Stark raises his hand like a kid in class. "I have questions."

"I don't buy it," Steve says stubbornly, ignoring Stark. "We all have choices, we have to, and even if you're right, doesn't that only bring us to today? If it was fate, if we didn't have a choice in whatever brought us to the Tesseract, that's already happened. It's done. You can choose now. We both can."

"I cannot," Loki says. "You do not understand."

"Probably not," Steve agrees. "But I know you, and I know you're not fated for Ragnarok. There's no giant snake now, and—maybe I wasn't there when you needed help. But I made you a promise once and I intend to keep it, because I'm here now. If you can't believe anything else, believe that. Trust me."

Loki inhales, shaky. He's wavering, Steve can tell, and he keeps his expression open as he looks back at him steadily, willing him to surrender. Loki takes a step closer, then another, eyes darting between Steve, Stark, and the quinjet. He's close enough to touch, and Steve almost does, but he holds himself still, hands at his sides, barely breathing.

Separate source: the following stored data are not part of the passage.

(* Let $k\ge 0$ be an integer. Assume that $f$ satisfies conditions (A1), (A2), (A3) and (A4) below (all with this $k$), and let $\bar\lambda_k=\lambda+\frac{2\tau_k\mathsf D^k}{k!}\mathbb 1\{k\ge 1\}$. Let $x^*\in X$ be a $(\tfrac16\varepsilon,2\bar\lambda_k)$-FOSP of the surrogate problem $\min_{x\in X}\max_{y\in Y}\hat f_k(x,y)$, where $\hat y\in Y$ is an arbitrary expansion center. Then $x^*$ is an $(\varepsilon,2\bar\lambda_k)$-FOSP of the problem $\min_{x\in X}\max_{y\in Y}f(x,y)$, provided that $$\min\Big\{\mu\mathsf D,\;2\sigma_0,\;\sqrt{\tfrac{\lambda\rho_0\mathsf D}{50}}\Big\}\le\frac{\varepsilon}{24}\quad\text{when }k=0,$$ and $$\min\Big\{\mu\mathsf D+\frac{2\sigma_k\mathsf D^k}{k!},\;\sqrt{\frac{\bar\lambda_k\rho_k\mathsf D^{k+1}}{50\cdot(k+1)!}}\Big\}\le\frac{\varepsilon}{24}\quad\text{when }k\ge 1.$$
   Context: Let $E_x,E_y$ be finite-dimensional Euclidean spaces with Euclidean norms $\|\cdot\|$; for tensors (multilinear forms) of partial derivatives, $\|\cdot\|$ denotes the operator norm induced by the Euclidean norms. Let $X\subseteq E_x$ and $Y\subseteq E_y$ be convex sets with nonempty interior, with $Y$ compact, and let $\mathsf D\ge\mathrm{diam}(Y)=\max_{y,y'\in Y}\|y-y'\|$. Let $f:X\times Y\to\mathbb R$. Write $\nabla^k_{y\cdots y}f$ for the tensor of $k$-th order partial derivatives in $y$, and $\nabla^{k+1}_{xy\cdots y}f$, $\nabla^{k+2}_{xxy\cdots y}f$ for the tensors with additionally one, respectively two, partial derivatives in $x$. (A1) $\nabla_x f$ exists on $X\times Y$ and $\|\nabla_x f(x',y')-\nabla_x f(x,y)\|\le\lambda\|x'-x\|+\mu\|y'-y\|$ for all $x,x'\in X$, $y,y'\in Y$, with $\lambda>0,\mu\ge0$. (A2) $\nabla^k_{y\cdots y}f$ exists on $X\times Y$ and $\|\nabla^k_{y\cdots y}f(x',y')-\nabla^k_{y\cdots y}f(x,y)\|\le\rho_k\|y'-y\|+\sigma_k\|x'-x\|$ for all $x,x',y,y'$, with $\rho_k,\sigma_k\ge0$. (A3) $\nabla^{k+1}_{xy\cdots y}f$ exists on $X\times Y$ and $\|\nabla^{k+1}_{xy\cdots y}f(x',y)-\nabla^{k+1}_{xy\cdots y}f(x,y)\|\le\tau_k\|x'-x\|$ for all $x,x'\in X$, $y\in Y$, with $\tau_k\ge0$. (A4) Letting $Y'_x\subseteq Y$ be the set of $y$ at which $\nabla^{k+2}_{xxy\cdots y}f(x,y)$ does not exist, the set $\{(x,y):x\in X,\,y\in Y'_x\}$ is Lebesgue measurable. For fixed $\hat y\in Y$, the $k$-th order Taylor approximation is $\hat f_k(x,y)=\sum_{j=0}^k\frac1{j!}\nabla^j_{y\cdots y}f(x,\hat y)[(y-\hat y)^j]$, where $T[v^j]=T[v,\dots,v]$. A function $\phi:X\to\mathbb R$ is $\lambda$-weakly convex if $\phi+\frac\lambda2\|\cdot\|^2$ is convex; for such $\phi$ and $\lambda'>\lambda$ its Moreau envelope is $\phi_{\lambda'}(x)=\min_{u\in X}\{\phi(u)+\frac{\lambda'}{2}\|u-x\|^2\}$ (a differentiable function). For a min-max problem $\min_{x\in X}\max_{y\in Y}g(x,y)$ with primal function $\psi(x)=\max_{y\in Y}g(x,y)$, a point $x\in X$ is an $(\varepsilon,\lambda')$-first-order stationary point ($(\varepsilon,\lambda')$-FOSP) if $\|\nabla\psi_{\lambda'}(x)\|\le\varepsilon$. *)

theory Defs
  imports "HOL-Analysis.Analysis"
begin

text \<open>Tensors (multilinear forms) in the y-variable are represented as functions on lists
of vectors; a k-linear form is evaluated on lists of length k.\<close>

definition tnorm :: "nat \<Rightarrow> ('b::real_normed_vector list \<Rightarrow> 'c::real_normed_vector) \<Rightarrow> real" where
  "tnorm k T = (SUP vs \<in> {vs. length vs = k \<and> (\<forall>v\<in>set vs. norm v \<le> 1)}. norm (T vs))"

definition y_derivs ::
  "'a set \<Rightarrow> 'b::real_normed_vector set \<Rightarrow> ('a \<Rightarrow> 'b \<Rightarrow> real) \<Rightarrow> nat
     \<Rightarrow> (nat \<Rightarrow> 'a \<Rightarrow> 'b \<Rightarrow> 'b list \<Rightarrow> real) \<Rightarrow> bool" where
  "y_derivs X Y f k D \<longleftrightarrow>
     (\<forall>x\<in>X. \<forall>y\<in>Y. D 0 x y [] = f x y) \<and>
     (\<forall>j<k. \<forall>x\<in>X. \<forall>y\<in>Y. \<forall>vs. length vs = j \<longrightarrow>
        ((\<lambda>y'. D j x y' vs) has_derivative (\<lambda>v. D (Suc j) x y (v # vs))) (at y within Y))"

definition x_grad ::
  "'a::real_inner set \<Rightarrow> 'b set \<Rightarrow> ('a \<Rightarrow> 'b \<Rightarrow> real) \<Rightarrow> ('a \<Rightarrow> 'b \<Rightarrow> 'a) \<Rightarrow> bool" where
  "x_grad X Y g G \<longleftrightarrow>
     (\<forall>x\<in>X. \<forall>y\<in>Y. ((\<lambda>x'. g x' y) has_derivative (\<lambda>u. G x y \<bullet> u)) (at x within X))"

definition xy_deriv ::
  "'a::real_inner set \<Rightarrow> 'b set \<Rightarrow> nat \<Rightarrow> ('a \<Rightarrow> 'b \<Rightarrow> 'b list \<Rightarrow> real)
     \<Rightarrow> ('a \<Rightarrow> 'b \<Rightarrow> 'b list \<Rightarrow> 'a) \<Rightarrow> bool" where
  "xy_deriv X Y k Dk Dx \<longleftrightarrow>
     (\<forall>x\<in>X. \<forall>y\<in>Y. \<forall>vs. length vs = k \<longrightarrow>
        ((\<lambda>x'. Dk x' y vs) has_derivative (\<lambda>u. Dx x y vs \<bullet> u)) (at x within X))"

definition xxy_exists ::
  "'a::real_normed_vector set \<Rightarrow> nat \<Rightarrow> ('a \<Rightarrow> 'b \<Rightarrow> 'b list \<Rightarrow> 'a) \<Rightarrow> 'a \<Rightarrow> 'b \<Rightarrow> bool" where
  "xxy_exists X k Dx x y \<longleftrightarrow>
     (\<forall>vs. length vs = k \<longrightarrow> (\<lambda>x'. Dx x' y vs) differentiable (at x within X))"

definition taylor_approx ::
  "(nat \<Rightarrow> 'a \<Rightarrow> 'b::real_normed_vector \<Rightarrow> 'b list \<Rightarrow> real) \<Rightarrow> nat \<Rightarrow> 'b \<Rightarrow> 'a \<Rightarrow> 'b \<Rightarrow> real" where
  "taylor_approx D k yhat x y = (\<Sum>j\<le>k. D j x yhat (replicate j (y - yhat)) / fact j)"

definition primal :: "'b set \<Rightarrow> ('a \<Rightarrow> 'b \<Rightarrow> real) \<Rightarrow> 'a \<Rightarrow> real" where
  "primal Y g x = (SUP y\<in>Y. g x y)"

definition moreau :: "'a::real_normed_vector set \<Rightarrow> ('a \<Rightarrow> real) \<Rightarrow> real \<Rightarrow> 'a \<Rightarrow> real" where
  "moreau X \<phi> l x = (INF u\<in>X. \<phi> u + l / 2 * (norm (u - x))\<^sup>2)"

definition is_fosp ::
  "'a::real_inner set \<Rightarrow> 'b set \<Rightarrow> ('a \<Rightarrow> 'b \<Rightarrow> real) \<Rightarrow> real \<Rightarrow> real \<Rightarrow> 'a \<Rightarrow> bool" where
  "is_fosp X Y g eps l x \<longleftrightarrow> x \<in> X \<and>
     (\<exists>G. (moreau X (primal Y g) l has_derivative (\<lambda>h. G \<bullet> h)) (at x) \<and> norm G \<le> eps)"

end

theory Submission
  imports Defs
begin

(* For a weakly convex function psi and l above its modulus, the Moreau envelope psi_l is
   differentiable at x with gradient l (x - p), where p is the proximal point of x, and
   psi + l/2 |. - x|^2 grows quadratically around p.  The primal functions of f and of its Taylor
   surrogate are weakly convex, with moduli lambda and lambda-bar: for f by (A1), for the surrogate
   because (A3) bounds the curvature in x of its coefficients.  Comparing the proximal points p and q
   of the two primal functions at x* through this quadratic growth gives
   lambda-bar |p - q|^2 <= L |p - q| when the difference of the primal functions is L-Lipschitz
   (by (A1) and (A2)), and lambda-bar |p - q|^2 <= 2 delta when it is bounded by the Taylor
   remainder delta = rho D^(k+1) / (k+1)!.  Either way the two envelope gradients
   2 lambda-bar (x* - p) and 2 lambda-bar (x* - q) differ by at most 5/6 eps, while the second
   has norm at most eps/6. *)

section \<open>Taylor expansion with remainder bounds\<close>

lemma nonneg_if_has_derivative_nonneg:
  fixes g g' :: "real \<Rightarrow> real"
  assumes g': "\<And>t. t \<in> {0..1} \<Longrightarrow> (g has_real_derivative g' t) (at t within {0..1})"
    and nonneg: "\<And>t. t \<in> {0..1} \<Longrightarrow> 0 \<le> g' t" and "g 0 = 0" and t: "t \<in> {0..1}"
  shows "0 \<le> g t"
proof -
  have "\<exists>s\<in>{0..t}. g t - g 0 = g' s * (t - 0)"
  proof (rule mvt_very_simple)
    fix s assume "0 \<le> s" "s \<le> t"
    then have "(g has_real_derivative g' s) (at s within {0..1})" using g' t by auto
    then have "(g has_real_derivative g' s) (at s within {0..t})"
      by (rule has_field_derivative_subset) (use t in auto)
    then show "(g has_derivative (\<lambda>d. g' s * d)) (at s within {0..t})"
      by (simp add: has_field_derivative_def mult_commute_abs)
  qed (use t in auto)
  then show ?thesis using nonneg t \<open>g 0 = 0\<close> by (force intro: mult_nonneg_nonneg)
qed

Come on, he thinks. Come on, you idiot, stand down and let me help you.

And then Loki moves, quick as thought, already inside Steve's guard, and Steve has no time or space to block him (and barely the space of a breath for a rush of horrified betrayal) before the tip of his scepter is pressed to Steve's heart. Everything else disappears in a blaze of consuming blue light.